(a) This subpart applies to all oil produced from Indian (tribal and allotted) oil and gas leases (except leases on the Osage Indian Reservation, Osage County, Oklahoma). This subpart does not apply to Federal leases, including Federal leases for which revenues are shared with Alaska Native Corporations. This subpart:
(1) Establishes the value of production for royalty purposes consistent with the Indian mineral leasing laws, other applicable laws, and lease terms;
(2) Explains how you as a lessee must calculate the value of production for royalty purposes consistent with applicable statutes and lease terms; and
(3) Is intended to ensure that the United States discharges its trust responsibilities for administering Indian oil and gas leases under the governing Indian mineral leasing laws, treaties, and lease terms.

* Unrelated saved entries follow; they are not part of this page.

lemma cycle_of_dart_rot:
  assumes "d \<in> darts E"
  shows "cycle_of (darts E) (dart_rot rot) d = {d' \<in> darts E. fst d' = fst d}"
proof (intro equalityI subsetI)
  fix d' assume d': "d' \<in> cycle_of (darts E) (dart_rot rot) d"
  have "fst d = fst d'"
  proof (rule equivcl_invariant[where h = fst])
    show "(d, d') \<in> equivcl (perm_graph (darts E) (dart_rot rot))" using d' by simp
  qed (auto simp: perm_graph_def dart_rot_def)
  then show "d' \<in> {d' \<in> darts E. fst d' = fst d}"
    using d' cycle_of_subset[OF finite_darts bij_dart_rot assms] by auto
next
  fix d' assume d': "d' \<in> {d' \<in> darts E. fst d' = fst d}"
  obtain p u w where pu: "d = (p, u)" "d' = (p, w)" using d' by (cases d, cases d') auto
  have "p \<in> V" "u \<in> nbrs E p" "w \<in> nbrs E p"
    using assms d' pu by (auto simp: darts_eq_Sigma)
  then obtain k where "(rot p ^^ k) u = w"
    using rot_transitive by blast
  then have "d' = (dart_rot rot ^^ k) d" by (simp add: pu funpow_dart_rot)
  then show "d' \<in> cycle_of (darts E) (dart_rot rot) d"
    using funpow_in_cycle_of[OF finite_darts bij_dart_rot assms] by simp
qed

lemma cycle_of_swap:
  assumes "d \<in> darts E"
  shows "cycle_of (darts E) prod.swap d = {d' \<in> darts E. {fst d', snd d'} = {fst d, snd d}}"
proof (intro equalityI subsetI)
  fix d' assume d': "d' \<in> cycle_of (darts E) prod.swap d"
  have "{fst d, snd d} = {fst d', snd d'}"
  proof (rule equivcl_invariant[where h = "\<lambda>z. {fst z, snd z}"])
    show "(d, d') \<in> equivcl (perm_graph (darts E) prod.swap)" using d' by simp
  qed (auto simp: perm_graph_def)
  then show "d' \<in> {d' \<in> darts E. {fst d', snd d'} = {fst d, snd d}}"
    using d' cycle_of_subset[OF finite_darts bij_swap_darts assms] by auto
next
  fix d' assume "d' \<in> {d' \<in> darts E. {fst d', snd d'} = {fst d, snd d}}"
  then have "d' = (prod.swap ^^ 0) d \<or> d' = (prod.swap ^^ 1) d"
    by (cases d, cases d') (auto simp: doubleton_eq_iff)
  then show "d' \<in> cycle_of (darts E) prod.swap d"
    using funpow_in_cycle_of[OF finite_darts bij_swap_darts assms] by blast
qed

lemma cycle_of_face_step:
  assumes "d \<in> darts E"
  shows "cycle_of (darts E) (face_step rot) d = face_orbit rot d"
  unfolding cycle_of_eq_orbit[OF finite_darts bij_face_step assms] face_orbit_def by auto

lemma num_cycles_dart_rot:
  assumes "\<And>v. v \<in> V \<Longrightarrow> nbrs E v \<noteq> {}"
  shows "num_cycles (darts E) (dart_rot rot) = card V"
proof -
  have "num_cycles (darts E) (dart_rot rot) = card (fst ` darts E)"
    unfolding num_cycles_def using cycle_of_dart_rot by (rule card_quotient_eq_card_image)
  also have "fst ` darts E = V"
    using assms unfolding darts_eq_Sigma by force
  finally show ?thesis .
qed

lemma num_cycles_swap: "num_cycles (darts E) prod.swap = card E"
proof -
  have "num_cycles (darts E) prod.swap = card ((\<lambda>d. {fst d, snd d}) ` darts E)"
    unfolding num_cycles_def using cycle_of_swap by (rule card_quotient_eq_card_image)
  also have "(\<lambda>d. {fst d, snd d}) ` darts E = E"
  proof (intro equalityI subsetI)
    fix e assume "e \<in> (\<lambda>d. {fst d, snd d}) ` darts E"
    then show "e \<in> E" by (auto simp: darts_def)
  next
    fix e assume "e \<in> E"
    then obtain u v where "e = {u, v}" by (rule edgeE)
    moreover have "(u, v) \<in> darts E" using \<open>e \<in> E\<close> calculation by (simp add: darts_def)
    ultimately show "e \<in> (\<lambda>d. {fst d, snd d}) ` darts E" by force
  qed
  finally show ?thesis .
qed

lemma num_cycles_face_step: "num_cycles (darts E) (face_step rot) = card (faces E rot)"
proof -
  have "darts E // equivcl (perm_graph (darts E) (face_step rot)) = faces E rot"
    unfolding quotient_eq_image faces_def using cycle_of_face_step by (rule image_cong[OF refl])
  then show ?thesis by (simp add: num_cycles_def)
qed

lemma card_darts: "card (darts E) = 2 * card E"
proof -
  have "card (cycle_of (darts E) prod.swap d) = 2" if "d \<in> darts E" for d
  proof -
    have "{d' \<in> darts E. {fst d', snd d'} = {fst d, snd d}} = {d, prod.swap d}"
      using that swap_in_darts[OF that] by (cases d) (auto simp: doubleton_eq_iff)
    moreover have "d \<noteq> prod.swap d" using that dart_endpoints by (cases d) auto
    ultimately show ?thesis using cycle_of_swap[OF that] by simp
  qed
  then have "real (card E) = (\<Sum>d\<in>darts E. 1 / 2)"
    using num_cycles_eq_sum[OF finite_darts bij_swap_darts] num_cycles_swap by simp
  then show ?thesis by simp
qed
(* A shift space $X$ is dendric if and only if, for every $n\in\mathbb{N}$, the graph $G^L_n(X)$ is acyclic for the labeling and connected; equivalently, if and only if, for every $n\in\mathbb{N}$, the graph $G^R_n(X)$ is acyclic for the labeling and connected.
   Context: $X\subseteq\mathcal{A}^{\mathbb{Z}}$ is a shift space over a finite alphabet $\mathcal{A}$ with language $\mathcal{L}(X)$, $\mathcal{L}_n(X)$ its words of length $n$. For $v\in\mathcal{L}(X)$, $E^L_X(v)=\{a:av\in\mathcal{L}(X)\}$, $E^R_X(v)=\{b:vb\in\mathcal{L}(X)\}$, and $\mathcal{E}_X(v)$ is the bipartite graph whose vertices are the disjoint union of $\{a^L:a\in E^L_X(v)\}$ and $\{b^R:b\in E^R_X(v)\}$, with an edge $\{a^L,b^R\}$ whenever $avb\in\mathcal{L}(X)$. $X$ is dendric if $\mathcal{E}_X(v)$ is a tree for every $v\in\mathcal{L}(X)$. $G^L_n(X)$ (resp. $G^R_n(X)$) is the multigraph with labeled edges on vertex set $\mathcal{A}$ having, for each $v\in\mathcal{L}_n(X)$ and each pair of distinct $a,b\in E^L_X(v)$ (resp. $E^R_X(v)$), an edge labeled $v$ between $a$ and $b$. Acyclic for the labeling: every simple cycle uses only edges with a single label. *)

theory Defs
  imports Main
begin

definition shift :: "(int \<Rightarrow> 'a) \<Rightarrow> (int \<Rightarrow> 'a)" where
  "shift x = (\<lambda>i. x (i + 1))"

text \<open>Closed in the product topology of discrete spaces: x is in the closure of X
  iff every central cylinder of x meets X.\<close>
definition shift_space :: "(int \<Rightarrow> 'a::finite) set \<Rightarrow> bool" where
  "shift_space X \<longleftrightarrow>
     shift ` X = X \<and>
     (\<forall>x. (\<forall>n::nat. \<exists>y\<in>X. \<forall>i. \<bar>i\<bar> \<le> int n \<longrightarrow> y i = x i) \<longrightarrow> x \<in> X)"

definition factor_at :: "(int \<Rightarrow> 'a) \<Rightarrow> int \<Rightarrow> nat \<Rightarrow> 'a list" where
  "factor_at x i n = map (\<lambda>k. x (i + int k)) [0..<n]"

definition lang :: "(int \<Rightarrow> 'a) set \<Rightarrow> 'a list set" where
  "lang X = {w. \<exists>x\<in>X. \<exists>i. w = factor_at x i (length w)}"

definition lang_n :: "(int \<Rightarrow> 'a) set \<Rightarrow> nat \<Rightarrow> 'a list set" where
  "lang_n X n = {w \<in> lang X. length w = n}"

definition ext_L :: "(int \<Rightarrow> 'a) set \<Rightarrow> 'a list \<Rightarrow> 'a set" where
  "ext_L X v = {a. a # v \<in> lang X}"

definition ext_R :: "(int \<Rightarrow> 'a) set \<Rightarrow> 'a list \<Rightarrow> 'a set" where
  "ext_R X v = {b. v @ [b] \<in> lang X}"

definition adj :: "'v set set \<Rightarrow> ('v \<times> 'v) set" where
  "adj E = {(a, b). {a, b} \<in> E}"

definition sgraph_connected :: "'v set \<Rightarrow> 'v set set \<Rightarrow> bool" where
  "sgraph_connected V E \<longleftrightarrow> (\<forall>a\<in>V. \<forall>b\<in>V. (a, b) \<in> (adj E)\<^sup>*)"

(b) If the regulations in this subpart are inconsistent with a Federal statute, a settlement agreement or written agreement as these terms are defined in this paragraph, or an express provision of an oil and gas lease subject to this subpart, then the statute, settlement agreement, written agreement, or lease provision will govern to the extent of the inconsistency. For purposes of this paragraph:
(1)Settlement agreement means a settlement agreement that is between the United States and a lessee, or between an individual Indian mineral owner and a lessee and is approved by the United States, resulting from administrative or judicial litigation; and
(2)Written agreement means a written agreement between the lessee and the ONRR Director (and approved by the tribal lessor for tribal leases) establishing a method to determine the value of production from any lease that ONRR expects at least would approximate the value established under this subpart.
(c) The ONRR or Indian tribes may audit, or perform other compliance reviews, and require a lessee to adjust royalty payments and reports.